De volgende stap is de oplossing identificeren. Is dit een probleem dat ik makkelijk kan oplossen? Hoe? In het geval van het zonlicht keek ik rond en realiseerde me dat er een rolgordijn bij het raam van Starbucks hing, en dat ik aan het koordje moest trekken om die omlaag te doen.

De laatste stap is natuurlijk actie ondernemen. Als de oplossing eenvoudig is, probeer dan gelijk actie te ondernemen. Het kan moeilijk zijn op te houden met wat je aan het doen bent, maar als je dat toch doet, kun je je daarna veel beter concentreren op je bezigheden. Ik probeer dat in te zetten als stimulans om me los te rukken en te doen wat ik moet doen. Sinds ik het rolgordijn naar beneden heb gedaan, hoef ik niet meer naar het scherm te turen, is mijn gezicht niet meer te warm door de zon, en weet ik dat ik straks niet uit de Starbucks kom met hoofdpijn.

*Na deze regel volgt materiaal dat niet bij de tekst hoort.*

lemma adv_risk_eq_thicken:
  assumes "0 \<le> \<epsilon>" "space \<mu> = UNIV" "space \<nu> = UNIV"
  shows "adv_risk \<epsilon> \<mu> \<nu> A = (measure \<mu> (thicken (- A) \<epsilon>) + measure \<nu> (thicken A \<epsilon>)) / 2"
  using assms by (simp add: adv_risk_def loss01_True loss01_False SUP_indicator_cball)

lemma measure_uniform_Icc:
  fixes a b :: real
  assumes "a < b" "S \<in> sets borel"
  shows "measure (uniform_measure lborel {a..b}) S = measure lborel ({a..b} \<inter> S) / (b - a)"
  using assms by simp

lemma measure_uniform_Icc_le_1:
  fixes a b :: real
  assumes "a < b" "S \<in> sets borel"
  shows "measure (uniform_measure lborel {a..b}) S \<le> 1"
proof -
  have "measure lborel ({a..b} \<inter> S) \<le> measure lborel {a..b}"
    using assms(2) by (intro measure_mono_fmeasurable fmeasurable_compact) auto
  then show ?thesis
    using assms by (simp add: measure_uniform_Icc)
qed

lemma measure_uniform_Icc_le:
  fixes a b c d :: real
  assumes "a < b" "b - a \<le> d - c" "S \<in> fmeasurable lborel"
  shows "measure (uniform_measure lborel {c..d}) S \<le> measure lborel S / (b - a)"
proof -
  have "measure (uniform_measure lborel {c..d}) S = measure lborel ({c..d} \<inter> S) / (d - c)"
    using assms by (intro measure_uniform_Icc) auto
  also have "\<dots> \<le> measure lborel S / (d - c)"
    using assms by (intro divide_right_mono measure_mono_fmeasurable) auto
  also have "\<dots> \<le> measure lborel S / (b - a)"
    using assms by (intro divide_left_mono) auto
  finally show ?thesis .
qed

lemma finite_measure_uniform_Icc:
  fixes a b :: real
  assumes "a < b"
  shows "finite_measure (uniform_measure lborel {a..b})"
  using assms by (intro finite_measureI) simp

lemma measure_thicken_Icc_diff_thicken_le:
  fixes F :: "real set"
  assumes "compact F" "F \<noteq> {}" "F \<subseteq> {a..b}" "0 \<le> \<delta>"
  shows "measure lborel (thicken {a..b} \<delta> - thicken F \<delta>) \<le> measure lborel ({a..b} - F)"
proof -
  define f1 f2 where "f1 = Inf F" and "f2 = Sup F"
  have F_closed: "closed F" and F_bdd: "bdd_below F" "bdd_above F"
    using assms(1) by (auto intro: compact_imp_closed bounded_imp_bdd_below bounded_imp_bdd_above
        compact_imp_bounded)
  have f12: "f1 \<in> F" "f2 \<in> F"
    unfolding f1_def f2_def using assms(2) F_bdd F_closed
    by (auto intro: closed_contains_Inf closed_contains_Sup)
  have F_sub: "F \<subseteq> {f1..f2}"
    unfolding f1_def f2_def using F_bdd by (auto intro: cInf_lower cSup_upper)
  have order: "a \<le> f1" "f1 \<le> f2" "f2 \<le> b"
    using f12 F_sub assms(3) by auto
  have F_meas: "F \<in> sets lborel"
    using F_closed by simp
  have cover: "thicken {a..b} \<delta> - thicken F \<delta> \<subseteq> {a-\<delta>..<f1-\<delta>} \<union> {f2+\<delta><..b+\<delta>} \<union> ({f1..f2} - F)"
  proof
    fix x assume x: "x \<in> thicken {a..b} \<delta> - thicken F \<delta>"
    then have "x \<in> {a-\<delta>..b+\<delta>}"
      using thicken_Icc[of a b \<delta>] order assms(4) by auto
    moreover have "x \<notin> F" "\<not> \<bar>x - f1\<bar> \<le> \<delta>" "\<not> \<bar>x - f2\<bar> \<le> \<delta>"
      using x f12 assms(4) unfolding thicken_def by auto
    ultimately show "x \<in> {a-\<delta>..<f1-\<delta>} \<union> {f2+\<delta><..b+\<delta>} \<union> ({f1..f2} - F)"
      by auto
  qed
  have "measure lborel (thicken {a..b} \<delta> - thicken F \<delta>)
      \<le> measure lborel ({a-\<delta>..<f1-\<delta>} \<union> {f2+\<delta><..b+\<delta>} \<union> ({f1..f2} - F))"
  proof (rule measure_mono_fmeasurable[OF cover])
    show "thicken {a..b} \<delta> - thicken F \<delta> \<in> sets lborel"
      using closed_thicken F_closed by auto
    have "{a-\<delta>..<f1-\<delta>} \<union> {f2+\<delta><..b+\<delta>} \<union> ({f1..f2} - F) \<subseteq> cbox (a-\<delta>) (b+\<delta>)"
      using order assms(4) by auto
    then show "{a-\<delta>..<f1-\<delta>} \<union> {f2+\<delta><..b+\<delta>} \<union> ({f1..f2} - F) \<in> fmeasurable lborel"
      using F_meas by (intro fmeasurableI2[OF fmeasurable_cbox]) auto
  qed
  also have "\<dots> \<le> measure lborel {a-\<delta>..<f1-\<delta>} + measure lborel {f2+\<delta><..b+\<delta>}
      + measure lborel ({f1..f2} - F)"
    using F_meas by (intro order_trans[OF measure_Un_le] add_right_mono measure_Un_le) auto
  also have "\<dots> = (f1 - a) + (b - f2) + measure lborel ({f1..f2} - F)"
    using order assms(4) by simp
  also have "\<dots> = measure lborel ({a..b} - F)"
    using order F_sub assms(3) F_meas by (simp add: measure_Diff)
  finally show ?thesis .
qed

Wees niet verbaasd als het even duurt voor je de slag te pakken hebt van iets doen aan kleine dingen in je leven die je ergeren. Er gingen minstens 15 minuten voorbij tussen het moment dat ik aan de rand van mijn bewustzijn begon te voelen dat er iets mis was, en het moment dat ik het gordijn naar beneden deed.

Het is hard werk om ons brein opnieuw op te voeden, en het vraagt wat geduld. In plaats van me rot te voelen omdat een niet-autistisch persoon 15 seconden nodig heeft voor wat mij 15 minuten kostte, probeer ik te focussen op het feit dat ik een jaar geleden gewoon door zou zijn gegaan met typen, terwijl ik naar het scherm tuurde en me rot voelde.

Dit is een vertaling van "You can do something about it", in 2012 verschenen op het weblog "Musings of an Aspie".